--- Task to carry out ---
Output all of the entries beneath, exactly as written.

--- Provided data ---
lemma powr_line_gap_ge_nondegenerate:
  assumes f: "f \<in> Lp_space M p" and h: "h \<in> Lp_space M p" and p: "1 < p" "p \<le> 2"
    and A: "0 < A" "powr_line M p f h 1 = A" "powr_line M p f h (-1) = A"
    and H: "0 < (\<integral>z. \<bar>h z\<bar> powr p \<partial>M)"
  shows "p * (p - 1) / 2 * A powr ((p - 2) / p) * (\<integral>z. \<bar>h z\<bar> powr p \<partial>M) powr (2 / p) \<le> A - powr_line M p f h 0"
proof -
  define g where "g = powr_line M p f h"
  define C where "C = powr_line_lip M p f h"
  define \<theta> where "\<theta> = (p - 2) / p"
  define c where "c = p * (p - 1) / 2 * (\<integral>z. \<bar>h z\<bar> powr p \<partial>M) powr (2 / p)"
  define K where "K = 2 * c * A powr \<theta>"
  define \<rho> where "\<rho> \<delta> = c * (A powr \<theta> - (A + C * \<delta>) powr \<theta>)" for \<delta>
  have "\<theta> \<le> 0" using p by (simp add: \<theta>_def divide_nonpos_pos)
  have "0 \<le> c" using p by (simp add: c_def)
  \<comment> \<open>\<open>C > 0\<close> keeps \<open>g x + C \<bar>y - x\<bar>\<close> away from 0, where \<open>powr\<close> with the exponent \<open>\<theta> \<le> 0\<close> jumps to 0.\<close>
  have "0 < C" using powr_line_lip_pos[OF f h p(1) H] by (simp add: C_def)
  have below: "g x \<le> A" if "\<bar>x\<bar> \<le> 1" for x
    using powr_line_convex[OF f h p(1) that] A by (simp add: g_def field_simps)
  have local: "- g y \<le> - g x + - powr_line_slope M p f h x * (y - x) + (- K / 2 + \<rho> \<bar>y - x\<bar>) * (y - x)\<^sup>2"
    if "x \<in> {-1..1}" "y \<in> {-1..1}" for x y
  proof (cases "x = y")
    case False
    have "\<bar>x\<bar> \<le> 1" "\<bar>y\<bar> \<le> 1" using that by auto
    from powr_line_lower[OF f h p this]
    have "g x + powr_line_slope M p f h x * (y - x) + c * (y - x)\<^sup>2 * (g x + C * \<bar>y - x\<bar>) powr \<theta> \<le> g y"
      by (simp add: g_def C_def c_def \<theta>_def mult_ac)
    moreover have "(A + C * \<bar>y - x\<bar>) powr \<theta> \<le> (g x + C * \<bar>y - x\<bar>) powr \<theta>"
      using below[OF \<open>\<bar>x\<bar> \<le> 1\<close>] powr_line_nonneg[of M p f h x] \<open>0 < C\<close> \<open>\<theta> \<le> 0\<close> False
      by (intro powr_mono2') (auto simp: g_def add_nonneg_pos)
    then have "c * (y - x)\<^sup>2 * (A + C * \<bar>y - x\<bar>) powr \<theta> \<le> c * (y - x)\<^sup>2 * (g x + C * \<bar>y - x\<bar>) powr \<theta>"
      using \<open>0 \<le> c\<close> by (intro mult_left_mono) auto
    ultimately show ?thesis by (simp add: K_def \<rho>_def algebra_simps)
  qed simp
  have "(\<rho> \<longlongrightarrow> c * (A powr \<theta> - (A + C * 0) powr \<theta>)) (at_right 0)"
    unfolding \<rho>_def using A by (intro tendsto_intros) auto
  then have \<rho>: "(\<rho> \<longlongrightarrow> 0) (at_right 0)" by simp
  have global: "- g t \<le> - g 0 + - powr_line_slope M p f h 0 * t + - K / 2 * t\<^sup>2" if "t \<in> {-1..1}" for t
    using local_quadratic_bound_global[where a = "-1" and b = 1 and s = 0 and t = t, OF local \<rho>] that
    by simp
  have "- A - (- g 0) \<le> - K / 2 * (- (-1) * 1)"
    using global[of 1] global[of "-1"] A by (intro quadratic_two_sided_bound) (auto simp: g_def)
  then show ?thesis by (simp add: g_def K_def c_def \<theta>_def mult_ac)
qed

--- Result ---
lemma powr_line_gap_ge_nondegenerate:
  assumes f: "f \<in> Lp_space M p" and h: "h \<in> Lp_space M p" and p: "1 < p" "p \<le> 2"
    and A: "0 < A" "powr_line M p f h 1 = A" "powr_line M p f h (-1) = A"
    and H: "0 < (\<integral>z. \<bar>h z\<bar> powr p \<partial>M)"
  shows "p * (p - 1) / 2 * A powr ((p - 2) / p) * (\<integral>z. \<bar>h z\<bar> powr p \<partial>M) powr (2 / p) \<le> A - powr_line M p f h 0"
proof -
  define g where "g = powr_line M p f h"
  define C where "C = powr_line_lip M p f h"
  define \<theta> where "\<theta> = (p - 2) / p"
  define c where "c = p * (p - 1) / 2 * (\<integral>z. \<bar>h z\<bar> powr p \<partial>M) powr (2 / p)"
  define K where "K = 2 * c * A powr \<theta>"
  define \<rho> where "\<rho> \<delta> = c * (A powr \<theta> - (A + C * \<delta>) powr \<theta>)" for \<delta>
  have "\<theta> \<le> 0" using p by (simp add: \<theta>_def divide_nonpos_pos)
  have "0 \<le> c" using p by (simp add: c_def)
  \<comment> \<open>\<open>C > 0\<close> keeps \<open>g x + C \<bar>y - x\<bar>\<close> away from 0, where \<open>powr\<close> with the exponent \<open>\<theta> \<le> 0\<close> jumps to 0.\<close>
  have "0 < C" using powr_line_lip_pos[OF f h p(1) H] by (simp add: C_def)
  have below: "g x \<le> A" if "\<bar>x\<bar> \<le> 1" for x
    using powr_line_convex[OF f h p(1) that] A by (simp add: g_def field_simps)
  have local: "- g y \<le> - g x + - powr_line_slope M p f h x * (y - x) + (- K / 2 + \<rho> \<bar>y - x\<bar>) * (y - x)\<^sup>2"
    if "x \<in> {-1..1}" "y \<in> {-1..1}" for x y
  proof (cases "x = y")
    case False
    have "\<bar>x\<bar> \<le> 1" "\<bar>y\<bar> \<le> 1" using that by auto
    from powr_line_lower[OF f h p this]
    have "g x + powr_line_slope M p f h x * (y - x) + c * (y - x)\<^sup>2 * (g x + C * \<bar>y - x\<bar>) powr \<theta> \<le> g y"
      by (simp add: g_def C_def c_def \<theta>_def mult_ac)
    moreover have "(A + C * \<bar>y - x\<bar>) powr \<theta> \<le> (g x + C * \<bar>y - x\<bar>) powr \<theta>"
      using below[OF \<open>\<bar>x\<bar> \<le> 1\<close>] powr_line_nonneg[of M p f h x] \<open>0 < C\<close> \<open>\<theta> \<le> 0\<close> False
      by (intro powr_mono2') (auto simp: g_def add_nonneg_pos)
    then have "c * (y - x)\<^sup>2 * (A + C * \<bar>y - x\<bar>) powr \<theta> \<le> c * (y - x)\<^sup>2 * (g x + C * \<bar>y - x\<bar>) powr \<theta>"
      using \<open>0 \<le> c\<close> by (intro mult_left_mono) auto
    ultimately show ?thesis by (simp add: K_def \<rho>_def algebra_simps)
  qed simp
  have "(\<rho> \<longlongrightarrow> c * (A powr \<theta> - (A + C * 0) powr \<theta>)) (at_right 0)"
    unfolding \<rho>_def using A by (intro tendsto_intros) auto
  then have \<rho>: "(\<rho> \<longlongrightarrow> 0) (at_right 0)" by simp
  have global: "- g t \<le> - g 0 + - powr_line_slope M p f h 0 * t + - K / 2 * t\<^sup>2" if "t \<in> {-1..1}" for t
    using local_quadratic_bound_global[where a = "-1" and b = 1 and s = 0 and t = t, OF local \<rho>] that
    by simp
  have "- A - (- g 0) \<le> - K / 2 * (- (-1) * 1)"
    using global[of 1] global[of "-1"] A by (intro quadratic_two_sided_bound) (auto simp: g_def)
  then show ?thesis by (simp add: g_def K_def c_def \<theta>_def mult_ac)
qed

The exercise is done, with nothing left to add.